The availability of patches will also vary widely. The better device makers that have control of the relevant firmware will be rolling out patches soon for the most part, but there are many who are reliant on the wireless chipset manufacturers to release an update for the hardware itself, and there will be many further that have no mechanism for updating that firmware at all.

CERT has a real time list of affected devices, but this is fairly unhelpful. As Mathy Vanhoef notes in his Q&A, if your device uses WiFi, it's probably affected.

Mitigations

There are some significant mitigations worth nothing though. First is that we're talking about the session key between the access point and a specific targeted device, not the whole network. This doesn't allow an attacker cart-blanche access, and it doesn't expose the network key or passphrase. This means your exposure is down to which devices you have that are vulnerable, and that comes down to which are getting patched. All the major players are on the ball, and will have patches out for their devices in the net month or so, if they haven't already (Microsoft has already pushed theirs, even though their, and Apple's, implementation of WPA2 was largely immune). Apple, Google, Amazon, Nest and others have announced theirs are on the way shortly.
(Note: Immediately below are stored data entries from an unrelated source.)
lemma ad_N_level_1_N_level_0:
  assumes "commutative_set (N_level D 0)" "x \<in> N_level D 1" "y \<in> N_level D 0"
  shows "ad x y \<in> N_level D 0"
proof -
  have "\<delta> (ad x y) = 0" if "\<delta> \<in> D" for \<delta>
  proof -
    have "\<delta> x \<in> N_level D 0" "\<delta> y = 0"
      using assms(2,3) \<open>\<delta> \<in> D\<close> N_level_Suc[of D 0] by (auto simp: N_level_0 const_set_def)
    then show ?thesis
      using assms(1,3) derivation_ad[OF \<open>\<delta> \<in> D\<close>, of x y]
      by (simp add: commutative_set_def ad_def)
  qed
  then show ?thesis by (simp add: N_level_0 const_set_def)
qed

end

lemma K_derivations_ad:
  assumes "K_algebra scal" shows "K_derivations scal (ad ` S)"
proof
  fix \<delta> x y k assume "\<delta> \<in> ad ` S"
  then obtain a where a: "\<delta> = ad a" by blast
  show "\<delta> (x + y) = \<delta> x + \<delta> y" "\<delta> (x * y) = \<delta> x * y + x * \<delta> y"
    by (simp_all add: a ad_def algebra_simps)
  have "a * (scal k * x) = scal k * (a * x)"
    by (metis K_algebra_scal_central[OF assms] mult.assoc)
  then show "\<delta> (scal k * x) = scal k * \<delta> x"
    by (simp add: a ad_def algebra_simps)
qed

lemma const_set_ad: "const_set (ad ` S) = centralizer S"
  by (auto simp: const_set_def centralizer_def ad_def)

theorem theorem1p7:
  fixes scal :: "'k::field \<Rightarrow> 'e::ring_1"
    and A A' \<aa> :: "'e set"
  assumes alg: "K_algebra scal"
    and subA: "subalgebra scal A" and commA: "commutative_set A"
    and A'_sub: "A' \<subseteq> A" and A'_ne: "A' \<noteq> {}"
    and ideal_a: "alg_ideal scal (N_all (ad ` A')) \<aa>"
    and a_nz: "\<aa> \<noteq> {0}"
  shows "N_level (ad ` A') 0 = const_set (ad ` A')
      \<and> const_set (ad ` A') = centralizer A'
      \<and> \<aa> \<inter> N_level (ad ` A') 0 = \<aa> \<inter> const_set (ad ` A')
      \<and> alg_ideal scal (N_level (ad ` A') 0) (\<aa> \<inter> N_level (ad ` A') 0)
      \<and> \<aa> \<inter> N_level (ad ` A') 0 \<noteq> {0}
      \<and> alg_ideal scal (N_all (ad ` A'))
          (ideal_prod scal (N_all (ad ` A')) (\<aa> \<inter> N_level (ad ` A') 0))
      \<and> ideal_prod scal (N_all (ad ` A')) (\<aa> \<inter> N_level (ad ` A') 0) \<noteq> {0}
      \<and> ideal_prod scal (N_all (ad ` A')) (\<aa> \<inter> N_level (ad ` A') 0) \<inter> N_level (ad ` A') 0
          = \<aa> \<inter> N_level (ad ` A') 0
      \<and> (commutative_set (N_level (ad ` A') 0) \<longrightarrow>
          {ad x y | x y. x \<in> N_level (ad ` A') 1 \<and> y \<in> \<aa> \<inter> N_level (ad ` A') 0}
            \<subseteq> \<aa> \<inter> N_level (ad ` A') 0)"
proof -
  let ?D = "ad ` A'"
  let ?a0 = "\<aa> \<inter> N_level ?D 0"
  let ?P = "ideal_prod scal (N_all ?D) ?a0"
  interpret K_derivations scal ?D using alg by (rule K_derivations_ad)
  have N0_centralizer: "N_level ?D 0 = centralizer A'" by (simp add: N_level_0 const_set_ad)
  have "A' \<subseteq> N_level ?D 0"
    using commA A'_sub by (auto simp: N0_centralizer centralizer_def commutative_set_def)
  then have stable: "\<delta> z \<in> \<aa>" if "\<delta> \<in> ?D" "z \<in> \<aa>" for \<delta> z
    using that alg_ideal_ad_closed[OF alg ideal_a] N_level_subset_N_all by blast
  have a_sub: "\<aa> \<subseteq> N_all ?D" and "0 \<in> \<aa>" using ideal_a by (auto simp: alg_ideal_def subspace_K_def)
  then obtain x where "x \<in> \<aa>" "x \<noteq> 0" using a_nz by blast
  then obtain y where "y \<in> ?a0" "y \<noteq> 0"
    using stable_nonzero_meets_N_level_0[of \<aa> x] a_sub stable by blast
  moreover have "?a0 \<subseteq> ?P"
    using subalgebra_N_all by (intro subset_ideal_prod) (simp add: subalgebra_def)
  moreover have "?P \<subseteq> \<aa>" by (simp add: ideal_prod_subset[OF ideal_a])
  moreover have "alg_ideal scal (N_all ?D) ?P"
    using a_sub by (intro alg_ideal_ideal_prod[OF alg subalgebra_N_all]) blast
  moreover have "alg_ideal scal (N_level ?D 0) ?a0"
    by (rule alg_ideal_Int_subalgebra[OF ideal_a subalgebra_N_level_0 N_level_subset_N_all])
  moreover have "ad u v \<in> ?a0"
    if "commutative_set (N_level ?D 0)" "u \<in> N_level ?D 1" "v \<in> ?a0" for u v
    using that ad_N_level_1_N_level_0 alg_ideal_ad_closed[OF alg ideal_a] N_level_subset_N_all
    by blast
  ultimately show ?thesis
    by (auto simp: N_level_0 const_set_ad)
qed

end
In addition to that list, I've looked at a few other significant companies to see what their status is.

LiFX has patches in the works, but some of their lighting products need updates from the chipset manufacturer. SmartThings doesn't use WiFi on their hubs, so they are unaffected directly. Many others are silent at this point including Canary, Wink, Netatmo, and others with clear WiFi exposure.

Note that while patching routers is a good idea, they are not the target of KRACK unless they are acting as clients. If you run a mesh network then some of them are, indeed, doing that and will need to be patched.
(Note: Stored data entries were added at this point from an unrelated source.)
text \<open>Pigeonhole on the ratios B (j+1) / B j modulo q: two equal ratios at i < j
  make q divide B (i+1) B j - B i B (j+1) = B (j - i).\<close>
lemma ex_le_Suc_prime_dvd_balancing:
  assumes q: "prime q"
  shows "\<exists>j\<in>{1..q + 1}. int q dvd balancing j"
proof (rule ccontr)
  assume none: "\<not> ?thesis"
  have "\<exists>x. [balancing j * x = 1] (mod int q)" if "j \<in> {1..q + 1}" for j
  proof (rule cong_solve_coprime_int)
    have "prime (int q)"
      using q by simp
    moreover have "\<not> int q dvd balancing j"
      using none that by blast
    ultimately show "coprime (balancing j) (int q)"
      by (metis prime_imp_coprime coprime_commute)
  qed
  then obtain inv where inv: "\<And>j. j \<in> {1..q + 1} \<Longrightarrow> [balancing j * inv j = 1] (mod int q)"
    by metis
  define ratio where "ratio j = (inv j * balancing (Suc j)) mod int q" for j
  have ratio: "[ratio j * balancing j = balancing (Suc j)] (mod int q)" if "j \<in> {1..q + 1}" for j
  proof -
    have "[ratio j * balancing j = balancing (Suc j) * (balancing j * inv j)] (mod int q)"
      unfolding ratio_def cong_def by (simp add: mod_mult_right_eq algebra_simps)
    moreover have "[balancing (Suc j) * (balancing j * inv j) = balancing (Suc j) * 1] (mod int q)"
      using inv[OF that] by (rule cong_mult[OF cong_refl])
    ultimately show ?thesis
      by (metis cong_trans mult_1_right)
  qed
  have no_collision: False
    if ij: "i \<in> {1..q + 1}" "j \<in> {1..q + 1}" "i < j" "ratio i = ratio j" for i j
  proof -
    have "[balancing (Suc i) * balancing j = ratio i * balancing i * balancing j] (mod int q)"
      using cong_mult[OF ratio[OF ij(1)] cong_refl[of "balancing j"]] by (rule cong_sym)
    moreover have "[ratio i * balancing i * balancing j = balancing i * balancing (Suc j)] (mod int q)"
      using cong_mult[OF cong_refl[of "balancing i"] ratio[OF ij(2)]] ij(4)
      by (simp add: ac_simps)
    ultimately have "[balancing (Suc i) * balancing j = balancing i * balancing (Suc j)] (mod int q)"
      by (rule cong_trans)
    then have "int q dvd balancing (Suc i) * balancing (i + (j - i))
        - balancing i * balancing (Suc (i + (j - i)))"
      using ij(3) by (simp add: cong_iff_dvd_diff)
    then have "int q dvd balancing (j - i)"
      by (simp only: balancing_d_ocagne)
    then show False
      using none ij by force
  qed
  have "ratio ` {1..q + 1} \<subseteq> {0..<int q}"
    using prime_gt_0_nat[OF q] by (auto simp: ratio_def)
  then have "card (ratio ` {1..q + 1}) \<le> card {0..<int q}"
    by (rule card_mono[OF finite_atLeastLessThan_int])
  then have "\<not> inj_on ratio {1..q + 1}"
    by (intro pigeonhole) simp
  then obtain i j where ij: "i \<in> {1..q + 1}" "j \<in> {1..q + 1}" "i \<noteq> j" "ratio i = ratio j"
    unfolding inj_on_def by blast
  show False
  proof (cases "i < j")
    case True
    then show False using no_collision ij by blast
  next
    case False
    then show False using no_collision[of j i] ij by simp
  qed
qed

lemma prime_dvd_balancing_prime_le:
  assumes "prime p" "prime q" "int q dvd balancing p"
  shows "p \<le> q + 1"
proof -
  obtain j where j: "j \<in> {1..q + 1}" "int q dvd balancing j"
    using ex_le_Suc_prime_dvd_balancing[OF assms(2)] by blast
  have "\<not> int q dvd balancing 1"
    using prime_gt_1_nat[OF assms(2)] by simp
  moreover have "int q dvd balancing (gcd p j)"
    using assms(3) j(2) by (rule dvd_balancing_gcd)
  ultimately have "\<not> coprime p j"
    by (auto simp del: balancing.simps)
  then have "p dvd j"
    using assms(1) prime_imp_coprime by blast
  moreover have "0 < j"
    using j(1) by simp
  ultimately have "p \<le> j"
    by (rule dvd_imp_le)
  then show ?thesis
    using j(1) by simp
qed

lemma prime_factor_balancing_prime_ge:
  assumes p: "prime p" "5 \<le> p" and q: "prime q" "q dvd nat (balancing p)"
  shows "p \<le> q"
proof -
  have "int q dvd int (nat (balancing p))"
    using q(2) by (simp only: int_dvd_int_iff)
  then have "int q dvd balancing p"
    by simp
  then have "p \<le> q + 1"
    using prime_dvd_balancing_prime_le p(1) q(1) by blast
  moreover have "q \<noteq> p - 1"
  proof
    assume "q = p - 1"
    then have "even q" "2 < q"
      using p prime_odd_nat[of p] by auto
    then show False
      using q(1) prime_odd_nat[of q] by simp
  qed
  ultimately show ?thesis
    by linarith
qed

lemma finite_pos_divisors: "0 < m \<Longrightarrow> finite {d. d dvd m \<and> 0 < (d::nat)}"
  by (rule finite_subset[of _ "{..m}"]) (auto intro: dvd_imp_le)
The second mitigation is that this is not an easy attack to deploy. It requires a man-in-the-middle attack by an attacker in WiFi range of your network. A bogus Access Point needs to be established to spoof your real one, using the same MAC Address. The researchers managed that by putting the rogue AP on a separate channel to avoid Ethernet collisions. At this stage, it's non-trivial and localized, but it's getting easier with further research and you know it will be weaponized soon enough. This means we can't afford to be complacent.

The third mitigation is that any good device sending traffic to the internet (usually their own cloud service) should be using TLS encrypted connections. TLS encrypted traffic is still out of reach of an attacker, they can only see the encrypted data passing by.

Conclusion

The sky is not yet falling. The best advice is to get everything you can patched as soon as you can, but continue to use WPA2-PSK with a strong password, it's still the best we have. The fix is actually trivial and equates to a check in the 4-way handshake along the lines of "If I receive the key, but I've already installed it, don't do it again".

We can assume many cheap IoT devices will not get patched, so we need to assess what we have, what it has access to, and whether we care. It may be time to retire some of the less stellar examples of technology we have if they're not getting supported and pose a risk to our privacy. Definitely be sure to update your phones and PCs as soon as possible, and probably avoid using public WiFi on them until you have.